Suits cite conditions at animal shelters

IRVINE — Two concurrent lawsuits were filed Wednesday in Estill and Robertson counties by people who say the counties failed to provide basic, humane conditions for stray dogs and cats at local shelters.

According to the lawsuits, both filed in circuit courts, the animals who are cared for in the facilities live in filthy conditions that violate the state's Humane Shelter Law.

The plaintiffs are seeking restraining orders to keep the counties from violating the shelter law and temporary and permanent injunctions to ensure compliance.

The Estill County suit was filed by Angelika Kasey, a Louisville resident who has worked with the Estill County Animal Shelter.

Kasey says in her lawsuit that the Estill shelter is inadequate for the stray dogs and cats that rescuers collect from Estill, Jackson, Lee, Owsley and Wolfe counties.

“The County provides virtually no support for the animals who are housed in the Facility, despite its statutory duty to do so,” the lawsuit states.

In 2007, the shelter took in 2,100 dogs and 500 cats, according to the lawsuit. The lawsuit says 66 dogs and 16 cats were euthanized on a single day that same year.

Estill County officials acknowledged that there are some problems in the county's shelter, but deny that the animals live in the squalor described in the lawsuit.

“I think for a small, rural county we have a pretty darn good animal shelter,” said Estill County Judge-Executive Wallace Taylor, who is listed as a defendant in the suit along with fiscal court magistrates Greg Hall, Darrell Johnson and Gerald Rader.

The second suit was filed by Robertson County resident Toni Penrod. Her suit names as defendants several county officials, including Judge-Executive Billy Allison and magistrates Melvin Dee Whitaker, David Conley, Larry Jones, Diana Poe and Terry Cracraft.

Penrod said in a news release from the non-profit Animal Legal Defense Fund that the Mount Olivet shelter in Roberston County is “a primitive wooden shack where dogs endure searing heat in summer and freezing temperatures in the winter and lie amidst their own excrement on dirt floors that flood during rainstorms.”

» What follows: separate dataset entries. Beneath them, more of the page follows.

(* If the based space $X$ is $\pi_1$-injective, then $\pi_1^{\tau}(X)$ is Hausdorff.
   Context: Let $X\to(X_\lambda,p_{\lambda\lambda'},\Lambda)$ be an expansion of $X$ in the homotopy category of based polyhedra (e.g. the Čech expansion): based polyhedra $X_\lambda$ indexed by a directed set $\Lambda$, based maps $p_\lambda:X\to X_\lambda$ and bonding maps $p_{\lambda\lambda'}:X_{\lambda'}\to X_\lambda$ with $p_\lambda\simeq p_{\lambda\lambda'}\circ p_{\lambda'}$ for $\lambda'\ge\lambda$. The first shape homotopy group $\check\pi_1(X)$ is the inverse limit of the discrete groups $\pi_1(X_\lambda)$ along the homomorphisms $(p_{\lambda\lambda'})_*$; it is a Hausdorff topological group. The maps $p_\lambda$ induce a homomorphism $\phi:\pi_1(X)\to\check\pi_1(X)$; $X$ is $\pi_1$-injective if $\phi$ is injective. $\pi_1^{qtop}(X)$ is $\pi_1(X)$ with the quotient topology from the based loop space $\Omega(X)$ (compact-open topology) via $\alpha\mapsto[\alpha]$. $F_M(S)$ is the free (Markov) topological group on a space $S$. For a group with topology $G$, $\tau(G)$ is $G$ with the quotient topology with respect to the multiplication epimorphism $m_G:F_M(G)\to G$ (generator $g\mapsto g$). $\pi_1^{\tau}=\tau\circ\pi_1^{qtop}$. *)

theory Defs
  imports "HOL-Analysis.Analysis"
begin

text \<open>Loops are maps [0,1] -> X; to make them unique as HOL functions we
normalise them to be constantly the base point outside [0,1].\<close>

definition loops :: "'a topology \<Rightarrow> 'a \<Rightarrow> (real \<Rightarrow> 'a) set" where
  "loops X x0 = {g. pathin X g \<and> g 0 = x0 \<and> g 1 = x0 \<and> (\<forall>t. t \<notin> {0..1} \<longrightarrow> g t = x0)}"

definition loop_homotopic :: "'a topology \<Rightarrow> 'a \<Rightarrow> (real \<Rightarrow> 'a) \<Rightarrow> (real \<Rightarrow> 'a) \<Rightarrow> bool" where
  "loop_homotopic X x0 f g \<longleftrightarrow> f \<in> loops X x0 \<and> g \<in> loops X x0 \<and>
     homotopic_with (\<lambda>h. h 0 = x0 \<and> h 1 = x0) (top_of_set {0..1}) X f g"

definition loop_concat :: "(real \<Rightarrow> 'a) \<Rightarrow> (real \<Rightarrow> 'a) \<Rightarrow> real \<Rightarrow> 'a" where
  "loop_concat f g = (\<lambda>t. if t \<le> 1/2 then f (2 * t) else g (2 * t - 1))"

definition loop_reverse :: "(real \<Rightarrow> 'a) \<Rightarrow> real \<Rightarrow> 'a" where
  "loop_reverse f = (\<lambda>t. f (1 - t))"

definition loop_class :: "'a topology \<Rightarrow> 'a \<Rightarrow> (real \<Rightarrow> 'a) \<Rightarrow> (real \<Rightarrow> 'a) set" where
  "loop_class X x0 f = {g. loop_homotopic X x0 f g}"

definition pi1_carrier :: "'a topology \<Rightarrow> 'a \<Rightarrow> (real \<Rightarrow> 'a) set set" where
  "pi1_carrier X x0 = loop_class X x0 ` loops X x0"

definition pi1_mult :: "'a topology \<Rightarrow> 'a \<Rightarrow> (real \<Rightarrow> 'a) set \<Rightarrow> (real \<Rightarrow> 'a) set \<Rightarrow> (real \<Rightarrow> 'a) set" where
  "pi1_mult X x0 A B = loop_class X x0 (loop_concat (SOME f. f \<in> A) (SOME g. g \<in> B))"

definition pi1_inv :: "'a topology \<Rightarrow> 'a \<Rightarrow> (real \<Rightarrow> 'a) set \<Rightarrow> (real \<Rightarrow> 'a) set" where
  "pi1_inv X x0 A = loop_class X x0 (loop_reverse (SOME f. f \<in> A))"

definition pi1_one :: "'a topology \<Rightarrow> 'a \<Rightarrow> (real \<Rightarrow> 'a) set" where
  "pi1_one X x0 = loop_class X x0 (\<lambda>t. x0)"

The lawsuit says “the wooden shack” which is used as a shelter does not meet the standards set by the Kentucky Legislature when it adopted the Humane Shelter Law. It also says very few dogs are adopted in the county because the “shack” is inaccessible and the facility hours are not clearly known to the public.

Robertson County officials did not return calls for comment.

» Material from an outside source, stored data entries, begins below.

lemma conv_op_iter_ge:
  assumes v: "Linf_nonneg v" "\<And>y. y \<in> ball z \<sigma> \<Longrightarrow> a \<le> v y" and \<sigma>: "4 * \<sigma> \<le> \<rho>"
  shows "dist z z' \<le> 2 * \<sigma> * m \<Longrightarrow> x \<in> ball z' \<sigma> \<Longrightarrow>
    a * (c * measure lborel (ball (0::'a) \<sigma>)) ^ m \<le> (conv_op \<kappa> ^^ m) v x"
proof (induction m arbitrary: z' x)
  case 0
  then show ?case
    using v(2) by simp
next
  case (Suc m)
  obtain w where w: "dist z w \<le> 2 * \<sigma> * m" "dist w z' \<le> 2 * \<sigma>"
    using exists_intermediate_point[of z z' "2 * \<sigma>" m] Suc.prems(1) by auto
  have "a * (c * measure lborel (ball (0::'a) \<sigma>)) ^ m * (c * measure lborel (ball (0::'a) \<sigma>))
      \<le> conv_op \<kappa> ((conv_op \<kappa> ^^ m) v) x"
    using Suc.IH[OF w(1)] w(2) Suc.prems(2)
    by (intro conv_op_ge_on_ball Linf_nonneg_conv_op_iter v(1) \<sigma>) auto
  then show ?case
    by (simp add: mult_ac)
qed

lemma conv_op_iter_uniform_lower_bound:
  assumes "0 < \<delta>" "0 < r"
  obtains \<mu> n where "0 < \<mu>"
    "\<And>u x. Linf_nonneg u \<Longrightarrow> \<delta> \<le> (LINT y:ball 0 r|lborel. u y) \<Longrightarrow> x \<in> ball 0 R \<Longrightarrow>
      \<mu> \<le> (conv_op \<kappa> ^^ Suc n) u x"
proof -
  \<comment> \<open>\<sigma> = \<rho>/4 ensures |y - x| < \<rho>, hence \<kappa>(y - x) \<ge> c, for y \<in> B(z, \<sigma>) and x \<in> B(z, 3\<sigma>)\<close>
  define \<sigma> where "\<sigma> = \<rho> / 4"
  have \<sigma>: "0 < \<sigma>" "4 * \<sigma> \<le> \<rho>"
    using \<rho>_pos by (simp_all add: \<sigma>_def)
  have "cball 0 r \<subseteq> (\<Union>z\<in>cball 0 r. ball z \<sigma>)"
    using \<sigma>(1) by (intro subsetI UN_I) auto
  then obtain C :: "'a set" where C: "C \<subseteq> cball 0 r" "finite C" "cball 0 r \<subseteq> (\<Union>z\<in>C. ball z \<sigma>)"
    by (rule compactE_image[OF compact_cball open_ball])
  then have cover: "ball 0 r \<subseteq> (\<Union>z\<in>C. ball z \<sigma>)"
    using ball_subset_cball by blast
  have "C \<noteq> {}"
    using C(3) assms(2) by auto
  then have card_pos: "0 < real (card C)"
    using C(2) by (simp add: card_gt_0_iff)
  define b where "b = c * measure lborel (ball (0::'a) \<sigma>)"
  define n where "n = nat \<lceil>(R + r) / (2 * \<sigma>)\<rceil>"
  define \<mu> where "\<mu> = c * (\<delta> / card C) * b ^ n"
  have "0 < \<mu>"
    using c_pos assms(1) \<sigma>(1) card_pos by (simp add: \<mu>_def b_def content_ball_pos)
  moreover have "\<mu> \<le> (conv_op \<kappa> ^^ Suc n) u x"
    if u: "Linf_nonneg u" "\<delta> \<le> (LINT y:ball 0 r|lborel. u y)" and x: "x \<in> ball 0 R" for u x
  proof -
    obtain z where z: "z \<in> C" "(LINT y:ball 0 r|lborel. u y) \<le> card C * (LINT y:ball z \<sigma>|lborel. u y)"
      using set_integral_le_cover[OF u(1) C(2) \<open>C \<noteq> {}\<close> cover] by blast
    have first: "c * (\<delta> / card C) \<le> conv_op \<kappa> u y" if "y \<in> ball z \<sigma>" for y
    proof -
      have "\<delta> / card C \<le> (LINT y:ball z \<sigma>|lborel. u y)"
        using u(2) z(2) card_pos by (simp add: pos_divide_le_eq mult.commute)
      then have "c * (\<delta> / card C) \<le> c * (LINT y:ball z \<sigma>|lborel. u y)"
        using c_pos by (intro mult_left_mono) simp_all
      also have "\<dots> \<le> conv_op \<kappa> u y"
        using that \<sigma>(1) by (intro conv_op_ge_ball_integral u(1) \<sigma>(2)) simp
      finally show ?thesis .
    qed
    have "dist z x \<le> 2 * \<sigma> * n"
    proof -
      have "norm z \<le> r"
        using C(1) z(1) by auto
      then have "dist z x \<le> R + r"
        using norm_triangle_ineq4[of z x] x by (simp add: dist_norm)
      also have "\<dots> \<le> 2 * \<sigma> * n"
        using real_nat_ceiling_ge[of "(R + r) / (2 * \<sigma>)"] \<sigma>(1)
        by (simp add: n_def pos_divide_le_eq mult.commute)
      finally show ?thesis .
    qed
    then have "\<mu> \<le> (conv_op \<kappa> ^^ n) (conv_op \<kappa> u) x"
      unfolding \<mu>_def b_def
      using \<sigma> by (intro conv_op_iter_ge[where z = z and z' = x] Linf_nonneg_conv_op u(1) first) simp_all
    then show ?thesis
      by (simp add: funpow_Suc_right del: funpow.simps)
  qed
  ultimately show thesis
    by (rule that)
qed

Both Kasey and Penrod are represented by Katie Brophy, a Louisville attorney who works with the defense fund.

Kasey and Penrod ask in the lawsuits for the courts to force the counties to comply with their duties to the stray animals under the Humane Shelter Law, which was adopted in 2004 to provide more protection to stray and abandoned companion animals.

In her suit, Kasey says that the Estill facility is infested with vermin, insects, fleas and ticks. She also says that there are not enough kennels in the inadequately ventilated shelter.

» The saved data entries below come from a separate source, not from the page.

(* The family $\mathcal S$ of SIP sets is not a filterdual; that is, there exist sets $A_1,A_2\subset\mathbb N$ such that $A_1\cup A_2$ is an SIP set but neither $A_1$ nor $A_2$ is an SIP set.
   Context: $\mathbb N=\{1,2,\dots\}$. For a finite set $F\subset\mathbb Z$, $\sigma_F$ is the sum of its elements ($\sigma_\emptyset=0$). For $A\subset\mathbb Z$: $IP(A)=\{\sigma_F:F\subset A\text{ finite}\}$ and $SIP(A)=\{a-b:a,b\in IP(A)\}$. A set $B\subset\mathbb N$ is an SIP set if there exists an infinite $A\subset\mathbb N$ with $SIP(A)\cap\mathbb N\subset B$. A family $\mathcal F$ of subsets of $\mathbb N$ (closed under taking supersets) is a filterdual if $A_1\cup A_2\in\mathcal F$ implies $A_1\in\mathcal F$ or $A_2\in\mathcal F$. *)

theory Defs
  imports Main
begin

text \<open>Positive integers, playing the role of the paper's N = {1,2,...}.\<close>
definition Npos :: "int set" where
  "Npos = {n. n \<ge> 1}"

definition IP :: "int set \<Rightarrow> int set" where
  "IP A = {\<Sum>F | F. F \<subseteq> A \<and> finite F}"

definition SIP :: "int set \<Rightarrow> int set" where
  "SIP A = {a - b | a b. a \<in> IP A \<and> b \<in> IP A}"

definition is_SIP_set :: "int set \<Rightarrow> bool" where
  "is_SIP_set B \<longleftrightarrow> B \<subseteq> Npos \<and>
     (\<exists>A. A \<subseteq> Npos \<and> infinite A \<and> SIP A \<inter> Npos \<subseteq> B)"

end

theory Submission
  imports Defs
begin

text \<open>Colour each positive integer by its last nonzero ternary digit. For an infinite
  A \<subseteq> \<nat>, take a \<in> A whose power of 3 is minimal and any larger b \<in> A. If b has more
  factors of 3 than a, then a + b and b - a have last digits r and 3 - r, where r is that
  of a; if the powers agree, then either b or a + b has the digit different from a's.
  Hence SIP(A) meets both colour classes, so neither class is an SIP set, while their
  union \<nat> is.\<close>

definition ternary_class :: "int \<Rightarrow> int set" where
  "ternary_class r = {n. n \<ge> 1 \<and> (\<exists>k::nat. \<exists>m. n = 3^k * (3*m + r))}"

lemma ternary_classI: "x = 3^k * (3*m + r) \<Longrightarrow> x \<ge> 1 \<Longrightarrow> x \<in> ternary_class r"
  unfolding ternary_class_def by auto

lemma ternary_repr_unique_le:
  fixes m l r s :: int
  assumes r: "r \<in> {1,2}" and s: "s \<in> {1,2}"
    and eq: "3^k * (3*m + r) = 3^j * (3*l + s)" and "k \<le> j"
  shows "k = j \<and> r = s"
proof -
  obtain d where d: "j = k + d" using \<open>k \<le> j\<close> le_Suc_ex by blast
  have e: "3*m + r = 3^d * (3*l + s)" using eq d by (simp add: power_add)
  show ?thesis
  proof (cases d)
    case 0
    then have "(3*m + r) mod 3 = (3*l + s) mod 3" using e by simp
    then show ?thesis using 0 d r s by auto
  next
    case (Suc d')
    then have "(3*m + r) mod 3 = 0" using e by simp
    then show ?thesis using r by auto
  qed
qed

lemma ternary_repr_unique:
  fixes m l r s :: int
  assumes "r \<in> {1,2}" "s \<in> {1,2}" "3^k * (3*m + r) = 3^j * (3*l + s)"
  shows "k = j \<and> r = s"
  using ternary_repr_unique_le[OF assms] ternary_repr_unique_le[OF assms(2,1) assms(3)[symmetric]]
  by (cases "k \<le> j") auto

lemma ternary_repr_exists:
  fixes n :: int
  assumes "n \<ge> 1"
  shows "\<exists>k::nat. \<exists>m r. r \<in> {1,2} \<and> n = 3^k * (3*m + r)"
  using assms
proof (induction "nat n" arbitrary: n rule: less_induct)
  case less
  show ?case
  proof (cases "n mod 3 = 0")
    case True
    then obtain n' where n': "n = 3*n'" by auto
    with less.prems have "n' \<ge> 1" "nat n' < nat n" by simp_all
    then obtain k m r where "r \<in> {1,2}" "n' = 3^k * (3*m + r)" using less.hyps by blast
    then show ?thesis using n' by (intro exI[of _ "Suc k"]) auto
  next
    case False
    then have "n mod 3 \<in> {1,2}" by auto
    moreover have "n = 3^0 * (3*(n div 3) + n mod 3)" by simp
    ultimately show ?thesis by blast
  qed
qed

lemma ternary_classes_disjoint: "ternary_class 1 \<inter> ternary_class 2 = {}"
  unfolding ternary_class_def using ternary_repr_unique[of 1 2] by fastforce

lemma ternary_classes_Un: "ternary_class 1 \<union> ternary_class 2 = Npos"
proof
  show "ternary_class 1 \<union> ternary_class 2 \<subseteq> Npos"
    unfolding ternary_class_def Npos_def by auto
  show "Npos \<subseteq> ternary_class 1 \<union> ternary_class 2"
  proof
    fix n assume "n \<in> Npos"
    then have "n \<ge> 1" unfolding Npos_def by simp
    then obtain k m r where "r \<in> {1,2}" "n = 3^k * (3*m + r)"
      using ternary_repr_exists by blast
    then show "n \<in> ternary_class 1 \<union> ternary_class 2"
      using \<open>n \<ge> 1\<close> by (auto intro: ternary_classI)
  qed
qed

lemma ternary_classes_of_pair:
  fixes a b m l r s :: int
  assumes r: "r \<in> {1,2}" and s: "s \<in> {1,2}"
    and a: "a = 3^k * (3*m + r)" and b: "b = 3^j * (3*l + s)"
    and "k \<le> j" "1 \<le> a" "a < b"
  shows "\<exists>x\<in>{a, b, a + b, b - a}. \<exists>y\<in>{a, b, a + b, b - a}.
           x \<in> ternary_class r \<and> y \<in> ternary_class (3 - r)"
proof (cases "k = j")
  case True
  have a_in: "a \<in> ternary_class r" using a \<open>1 \<le> a\<close> by (rule ternary_classI)
  show ?thesis
  proof (cases "r = s")
    case True
    have "a + b = 3^k * (3*(m + l + r - 1) + (3 - r))"
      using a b \<open>k = j\<close> True by (simp add: algebra_simps)
    then have "a + b \<in> ternary_class (3 - r)"
      by (rule ternary_classI) (use \<open>1 \<le> a\<close> \<open>a < b\<close> in linarith)
    then show ?thesis using a_in by blast
  next
    case False
    then have "b = 3^j * (3*l + (3 - r))" using r s b by auto
    then have "b \<in> ternary_class (3 - r)"
      by (rule ternary_classI) (use \<open>1 \<le> a\<close> \<open>a < b\<close> in linarith)
    then show ?thesis using a_in by blast
  qed
next
  case False
  with \<open>k \<le> j\<close> obtain d where d: "j = k + Suc d"
    using less_imp_Suc_add by fastforce
  define t where "t = 3^d * (3*l + s)"
  have bt: "b = 3^k * (3*t)" using b unfolding d t_def by (simp add: power_add ac_simps)
  have "a + b = 3^k * (3*(t + m) + r)" using bt a by (simp add: algebra_simps)
  then have "a + b \<in> ternary_class r"
    by (rule ternary_classI) (use \<open>1 \<le> a\<close> \<open>a < b\<close> in linarith)
  moreover have "b - a = 3^k * (3*(t - m - 1) + (3 - r))" using bt a by (simp add: algebra_simps)
  then have "b - a \<in> ternary_class (3 - r)"
    by (rule ternary_classI) (use \<open>a < b\<close> in linarith)
  ultimately show ?thesis by blast
qed

lemma ex_min_ternary_exponent:
  assumes "A \<subseteq> Npos" "A \<noteq> {}"
  obtains a k m r where "a \<in> A" "r \<in> {1,2}" "a = 3^k * (3*m + r)"
    "\<And>b j l s. b \<in> A \<Longrightarrow> s \<in> {1,2} \<Longrightarrow> b = 3^j * (3*l + s) \<Longrightarrow> k \<le> j"
proof -
  define P where "P k \<longleftrightarrow> (\<exists>a\<in>A. \<exists>m r. r \<in> {1,2} \<and> a = 3^k * (3*m + r))" for k :: nat
  obtain a0 where "a0 \<in> A" using assms(2) by blast
  moreover have "a0 \<ge> 1" using calculation assms(1) unfolding Npos_def by auto
  then obtain k0 m0 r0 where "r0 \<in> {1,2}" "a0 = 3^k0 * (3*m0 + r0)"
    using ternary_repr_exists by blast
  ultimately have "P k0" unfolding P_def by blast
  define k where "k = (LEAST k. P k)"
  have "P k" unfolding k_def using \<open>P k0\<close> by (rule LeastI)
  then obtain a m r where a: "a \<in> A" "r \<in> {1,2}" "a = 3^k * (3*m + r)"
    unfolding P_def by blast
  show thesis
  proof (rule that[OF a])
    fix b j l s assume "b \<in> A" "s \<in> {1,2}" "b = 3^j * (3*l + s)"
    then have "P j" unfolding P_def by blast
    then show "k \<le> j" unfolding k_def by (rule Least_le)
  qed
qed

lemma sum_in_IP: "finite F \<Longrightarrow> F \<subseteq> A \<Longrightarrow> \<Sum>F \<in> IP A"
  unfolding IP_def by blast

lemma diff_in_SIP: "x \<in> IP A \<Longrightarrow> y \<in> IP A \<Longrightarrow> x - y \<in> SIP A"
  unfolding SIP_def by blast

lemma IP_subset_SIP: "IP A \<subseteq> SIP A"
proof
  fix x assume "x \<in> IP A"
  moreover have "0 \<in> IP A" using sum_in_IP[of "{}" A] by simp
  ultimately show "x \<in> SIP A" using diff_in_SIP[of x A 0] by simp
qed

lemma SIP_meets_ternary_class:
  assumes A: "A \<subseteq> Npos" "infinite A" and c: "c \<in> {1,2}"
  shows "SIP A \<inter> Npos \<inter> ternary_class c \<noteq> {}"
proof -
  obtain a k m r where a: "a \<in> A" "r \<in> {1,2}" "a = 3^k * (3*m + r)"
    and min: "\<And>b j l s. b \<in> A \<Longrightarrow> s \<in> {1,2} \<Longrightarrow> b = 3^j * (3*l + s) \<Longrightarrow> k \<le> j"
    using ex_min_ternary_exponent[OF A(1)] A(2) by (metis infinite_imp_nonempty)
  have "\<not> A \<subseteq> {1..a}" using A(2) finite_subset by blast
  then obtain b where b: "b \<in> A" "a < b" using A(1) unfolding Npos_def by force
  have "a \<ge> 1" using a(1) A(1) unfolding Npos_def by auto
  have "b \<ge> 1" using \<open>a \<ge> 1\<close> b(2) by linarith
  then obtain j l s where s: "s \<in> {1,2}" "b = 3^j * (3*l + s)"
    using ternary_repr_exists by blast
  obtain x y where xy: "x \<in> {a, b, a + b, b - a}" "y \<in> {a, b, a + b, b - a}"
    "x \<in> ternary_class r" "y \<in> ternary_class (3 - r)"
    using ternary_classes_of_pair[OF a(2) s(1) a(3) s(2) min[OF b(1) s] \<open>a \<ge> 1\<close> b(2)]
    by blast
  have "{a, b, a + b} \<subseteq> IP A"
    using sum_in_IP[of "{a}" A] sum_in_IP[of "{b}" A] sum_in_IP[of "{a, b}" A] a(1) b by auto
  then have "{a, b, a + b, b - a} \<subseteq> SIP A \<inter> Npos"
    using IP_subset_SIP diff_in_SIP[of b A a] \<open>a \<ge> 1\<close> b(2) unfolding Npos_def by auto
  moreover have "c = r \<or> c = 3 - r" using a(2) c by auto
  ultimately show ?thesis using xy by blast
qed

lemma is_SIP_set_Npos: "is_SIP_set Npos"
proof -
  have "infinite Npos" unfolding Npos_def using infinite_Ici[of "1::int"] by (simp add: atLeast_def)
  then show ?thesis unfolding is_SIP_set_def by blast
qed

theorem theorem3p5:
  shows "\<exists>A1 A2. A1 \<subseteq> Npos \<and> A2 \<subseteq> Npos \<and> is_SIP_set (A1 \<union> A2)
           \<and> \<not> is_SIP_set A1 \<and> \<not> is_SIP_set A2"
proof (intro exI conjI)
  show "ternary_class 1 \<subseteq> Npos" "ternary_class 2 \<subseteq> Npos"
    using ternary_classes_Un by auto
  show "is_SIP_set (ternary_class 1 \<union> ternary_class 2)"
    unfolding ternary_classes_Un by (rule is_SIP_set_Npos)
  show "\<not> is_SIP_set (ternary_class 1)"
    unfolding is_SIP_set_def using SIP_meets_ternary_class[of _ 2] ternary_classes_disjoint by blast
  show "\<not> is_SIP_set (ternary_class 2)"
    unfolding is_SIP_set_def using SIP_meets_ternary_class[of _ 1] ternary_classes_disjoint by blast
qed

end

The lawsuit also states that the county “routinely kills adoptable dogs and cats before the expiration of the statutory five-day holding period.”

Officials close to the shelter deny those claims.

Ellen Frederick, an animal rescuer who has worked with the Estill shelter, said nothing out of line has been done to the animals in the facility. She said any tick and flea infestations come from the animals they bring in that are not well cared for.

There are currently 60 dogs and about 20 cats housed in the Estill shelter, Taylor said.

The shelter was expanded to double its original size about four years ago, he said.

Frederick said the shelter's employees and volunteers do the best job they can.

Filing a lawsuit is “just plain not right,” she said. “I don't know why everybody picks on that poor little place.”